Ce texte est de Stefan Zweig, lui qui a  anticipé la montée du nazisme et prévu la  catastrophe qui allait suivre. L’histoire montrera que le régime totalitaire du 3ème  Reich, au cours des  années 30, a  suivi à la lettre ce  programme de la terreur détaillé par  l’écrivain. L’historien Laurence Rees lui aussi s’interroge, je le cite : « Je me rappelle m’être demandé, alors que je n’étais pourtant qu’un enfant, comment, si Hitler était le démon dans  un corps d’homme, il avait pu obtenir  de tant de personnes qu’elles obéissent à ses ordres ».

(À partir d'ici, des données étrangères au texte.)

lemma is_graph_map_linear_extension:
  assumes F1: "subspace F1" and L: "is_graph_map E F1 F2 L"
  obtains g where "linear g" "\<forall>v\<in>F1. L v = g v"
proof -
  have add: "\<forall>u\<in>F1. \<forall>v\<in>F1. L (u + v) = L u + L v"
    and scale: "\<forall>c::real. \<forall>v\<in>F1. L (c *\<^sub>R v) = c *\<^sub>R L v"
    using L unfolding is_graph_map_def by blast+
  obtain B where B: "B \<subseteq> F1" "independent B" "F1 \<subseteq> span B"
    by (metis basis_exists)
  obtain g where g: "linear g" "\<forall>b\<in>B. g b = L b"
    using linear_independent_extend[OF B(2), of L] by blast
  have "L 0 = 0" using scale subspace_0[OF F1] by (metis scale_zero_left)
  have "subspace {v \<in> F1. L v = g v}"
    unfolding subspace_def
  proof (intro conjI ballI allI)
    fix u v assume "u \<in> {v \<in> F1. L v = g v}" "v \<in> {v \<in> F1. L v = g v}"
    then show "u + v \<in> {v \<in> F1. L v = g v}"
      using F1 add linear_add[OF g(1)] by (simp add: subspace_add)
  next
    fix c :: real and v assume "v \<in> {v \<in> F1. L v = g v}"
    then show "c *\<^sub>R v \<in> {v \<in> F1. L v = g v}"
      using F1 scale linear_scale[OF g(1)] by (simp add: subspace_scale)
  qed (use F1 \<open>L 0 = 0\<close> linear_0[OF g(1)] in \<open>simp add: subspace_0\<close>)
  then have "span B \<subseteq> {v \<in> F1. L v = g v}"
    using B(1) g(2) by (intro span_minimal) auto
  then show thesis using that g(1) B(3) by blast
qed

lemma bdd_above_op_norm_on:
  fixes L :: "'a::euclidean_space \<Rightarrow> 'a"
  assumes "linear g" "\<forall>v\<in>S. L v = g v"
  shows "bdd_above {norm (L v) | v. v \<in> S \<and> norm v \<le> 1}"
proof (rule bdd_aboveI, clarify)
  fix v assume "v \<in> S" "norm v \<le> 1"
  then show "norm (L v) \<le> onorm g"
    using assms onorm[of g v] onorm_pos_le[of g]
    by (auto simp: linear_conv_bounded_linear intro: order.trans mult_left_le)
qed
lemma psd_sum_outer:
  assumes "psd P"
  shows "\<exists>vs. P = (\<Sum>v\<leftarrow>vs. outer v v)"
  using assms
proof (induction "card {i. P$i$i \<noteq> 0}" arbitrary: P rule: less_induct)
  case less
  show ?case
  proof (cases "\<forall>i. P$i$i = 0")
    case True
    then have "P = 0" using psd_zero_diag_entry[OF less.prems] by (simp add: vec_eq_iff)
    then show ?thesis by (intro exI[of _ "[]"]) simp
  next
    case False
    then obtain i where "P$i$i \<noteq> 0" by auto
    with psd_diag_nonneg[OF less.prems] have pivot_pos: "0 < P$i$i"
      by (metis order.not_eq_order_implies_strict)
    define w where "w = (1 / sqrt (P$i$i)) *\<^sub>R (P *v axis i 1)"
    have w: "w$j = P$j$i / sqrt (P$i$i)" for j
      by (simp add: w_def matrix_vector_mult_basis column_def)
    define P' where "P' = P - outer w w"
    \<comment> \<open>Schur complement step: the rest stays psd and loses the nonzero diagonal entry i.\<close>
    have psd': "psd P'"
    proof -
      have square_le: "(x \<bullet> w)\<^sup>2 \<le> x \<bullet> (P *v x)" for x
      proof -
        have "(x \<bullet> (P *v axis i 1))\<^sup>2 \<le> P$i$i * (x \<bullet> (P *v x))"
          using psd_Cauchy_Schwarz[OF less.prems, of x "axis i 1"]
          by (simp add: inner_matrix_vector_axis)
        then show ?thesis
          using pivot_pos by (simp add: w_def power_divide field_simps)
      qed
      have "x \<bullet> (P' *v x) = x \<bullet> (P *v x) - (x \<bullet> w)\<^sup>2" for x
        unfolding P'_def matrix_vector_mult_diff_rdistrib inner_diff_right inner_outer
        by (simp add: inner_commute power2_eq_square)
      then have "0 \<le> x \<bullet> (P' *v x)" for x
        using square_le[of x] by simp
      moreover have "P'$j$k = P'$k$j" for j k
        using psd_transpose[OF less.prems]
        by (simp add: P'_def outer_def w mult.commute transpose_def vec_eq_iff)
      ultimately show ?thesis by (simp add: psd_iff_nonneg)
    qed
    have "{j. P'$j$j \<noteq> 0} \<subset> {j. P$j$j \<noteq> 0}"
    proof -
      have "P'$i$i = 0" using pivot_pos by (simp add: P'_def outer_def w power2_eq_square[symmetric])
      moreover have "P'$j$j = 0" if "P$j$j = 0" for j
      proof -
        have "w$j = 0" using psd_zero_diag_entry[OF less.prems that, of i] by (simp add: w)
        with that show ?thesis by (simp add: P'_def outer_def)
      qed
      ultimately show ?thesis using \<open>P$i$i \<noteq> 0\<close> by auto
    qed
    then have "card {j. P'$j$j \<noteq> 0} < card {j. P$j$j \<noteq> 0}"
      by (simp add: psubset_card_mono)
    then obtain vs where "P' = (\<Sum>v\<leftarrow>vs. outer v v)"
      using less.hyps psd' by blast
    then have "P = (\<Sum>v\<leftarrow>w # vs. outer v v)"
      by (simp add: P'_def algebra_simps)
    then show ?thesis by blast
  qed
qed

lemma matrix_add_rdistrib: "(A + B) ** C = A ** C + B ** (C :: 'a::semiring_1^'p^'n)"
  by (simp add: matrix_matrix_mult_def vec_eq_iff algebra_simps sum.distrib)

lemma outer_matrix_mult:
  assumes "transpose M = M"
  shows "outer v v ** M = outer v (M *v v)"
proof -
  have "(outer v v ** M)$i$j = (outer v (M *v v))$i$j" for i j
    using assms
    by (simp add: outer_def matrix_matrix_mult_def matrix_vector_mult_def sum_distrib_left
        transpose_def vec_eq_iff mult_ac)
  then show ?thesis by (simp add: vec_eq_iff)
qed

lemma sum_outer_matrix_mult:
  "transpose M = M \<Longrightarrow> (\<Sum>v\<leftarrow>vs. outer v v) ** M = (\<Sum>v\<leftarrow>vs. outer v (M *v v))"
  by (induction vs) (simp_all add: matrix_add_rdistrib outer_matrix_mult)

lemma frob_add: "frob (A + B) M = frob A M + frob B M"
  by (simp add: frob_def algebra_simps sum.distrib)

lemma frob_outer: "frob (outer v v) M = v \<bullet> (M *v v)"
  by (simp add: frob_def outer_def inner_vec_def matrix_vector_mult_def sum_distrib_left mult_ac)

lemma frob_sum_outer: "frob (\<Sum>v\<leftarrow>vs. outer v v) M = (\<Sum>v\<leftarrow>vs. v \<bullet> (M *v v))"
  by (induction vs) (simp_all add: frob_add frob_outer, simp add: frob_def)

lemma frob_psd_nonneg:
  assumes "psd P" and "psd M"
  shows "0 \<le> frob P M"
proof -
  obtain vs where "P = (\<Sum>v\<leftarrow>vs. outer v v)" using psd_sum_outer[OF assms(1)] ..
  moreover have "0 \<le> (\<Sum>v\<leftarrow>vs. v \<bullet> (M *v v))"
    by (rule sum_list_nonneg) (auto intro: psd_nonneg[OF assms(2)])
  ultimately show ?thesis by (simp add: frob_sum_outer)
qed

lemma frob_psd_eq_0:
  assumes "psd P" and "psd M" and "frob P M = 0"
  shows "P ** M = 0"
proof -
  obtain vs where P: "P = (\<Sum>v\<leftarrow>vs. outer v v)" using psd_sum_outer[OF assms(1)] ..
  have "(\<Sum>v\<leftarrow>vs. v \<bullet> (M *v v)) = 0" using assms(3) by (simp add: P frob_sum_outer)
  then have "\<forall>x\<in>set (map (\<lambda>v. v \<bullet> (M *v v)) vs). x = 0"
    using sum_list_nonneg_eq_0_iff[of "map (\<lambda>v. v \<bullet> (M *v v)) vs"] psd_nonneg[OF assms(2)]
    by auto
  then have "\<forall>v\<in>set vs. M *v v = 0"
    using psd_quadratic_form_zero_imp_kernel[OF assms(2)] by auto
  then have "(\<Sum>v\<leftarrow>vs. outer v (M *v v)) = 0"
    by (induction vs) simp_all
  then show ?thesis
    using sum_outer_matrix_mult[OF psd_transpose[OF assms(2)], of vs] by (simp add: P)
qed

lemma frob_eq_trace_mult: "transpose M = M \<Longrightarrow> frob P M = trace (P ** M)"
  by (simp add: frob_def trace_def matrix_matrix_mult_def transpose_def vec_eq_iff)

lemma frob_psd_eq_0_iff: "psd P \<Longrightarrow> psd M \<Longrightarrow> frob P M = 0 \<longleftrightarrow> P ** M = 0"
  using frob_psd_eq_0 frob_eq_trace_mult[OF psd_transpose, of M P] by (force simp: trace_def)

section \<open>Existence of a dual optimum\<close>

definition dual_feasible :: "real^'n^'n \<Rightarrow> (real^'n^'n) set" where
  "dual_feasible W = {D. is_diag D \<and> psd (W - D)}"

Eliminer toute forme d’opposition, créer, comme le souligne Stefan Zweig, des  divisions dans le monde ouvrier et  syndical essentiellement, puis  formuler une  utopie politique sur  les  braises de  la défaite de 14-18. En  hurlant sa  rage, Adolf Hitler promeut le mythe  du  Volksblut, le  sang racial commun, condition préalable à l’existence de la  Grande  Allemagne. Le projet du  3ème  Reich vise à transformer le  peuple allemand en communauté biologique. Dans des maternités, des  jeunes femmes sont ainsi sélectionnées pour concevoir des enfants avec des SS.

Le Lebensraum, qui sous-entend une  surpopulation de l’Allemagne et la  nécessité d’annexer de nouveaux territoires afin de garantir un espace vital, prend forme. Les régimes fasciste et  totalitaire, nourris de la pensée d’extrême droite, de l’antisémitisme et  de la xénophobie, vont asseoir leur  pouvoir autour de ces trois grandes figures : le  culte de l’homme providentiel, la subordination totale de  l’individu à un Etat régi par un seul  parti et l’adhésion à une idéologie omnisciente et globale.

La nuit des longs couteaux en 34 et  la nuit de cristal en 38 vont alors  s’empresser de créer ce climat de  peur,  tout en désignant clairement les  cibles  à venir du 3ème Reich : les  syndicalistes, les communistes, les sociaux-démocrates, victimes de purges et d’exécutions sommaires, et les juifs. Le  pire est en marche, mais il  l’était aussi dans les guerres d’occupation et de soumission menées par l’Italie fasciste en  Ethiopie dès  1935. « Tout pour l’Etat, rien en dehors de l’Etat, rien contre l’Etat ». Cette maxime est de Mussolini, elle rejoint là encore cette logique de terreur à l’œuvre dans les années 30. 

Quittons un instant notre tropisme européen et regardons ce qui se passe au même moment dans le Pacifique. Les historiens ont raison de rappeler qu’en Asie le nationalisme nippon annonçait lui  aussi une radicalité de la  violence jamais connue jusqu’alors. L’invasion de la Mandchourie en 1931 et de la Chine en  1937, porte la marque  de guerres totales, à savoir d’un  contrôle complet du territoire par  la  liquidation systématique de toute forme d’opposition.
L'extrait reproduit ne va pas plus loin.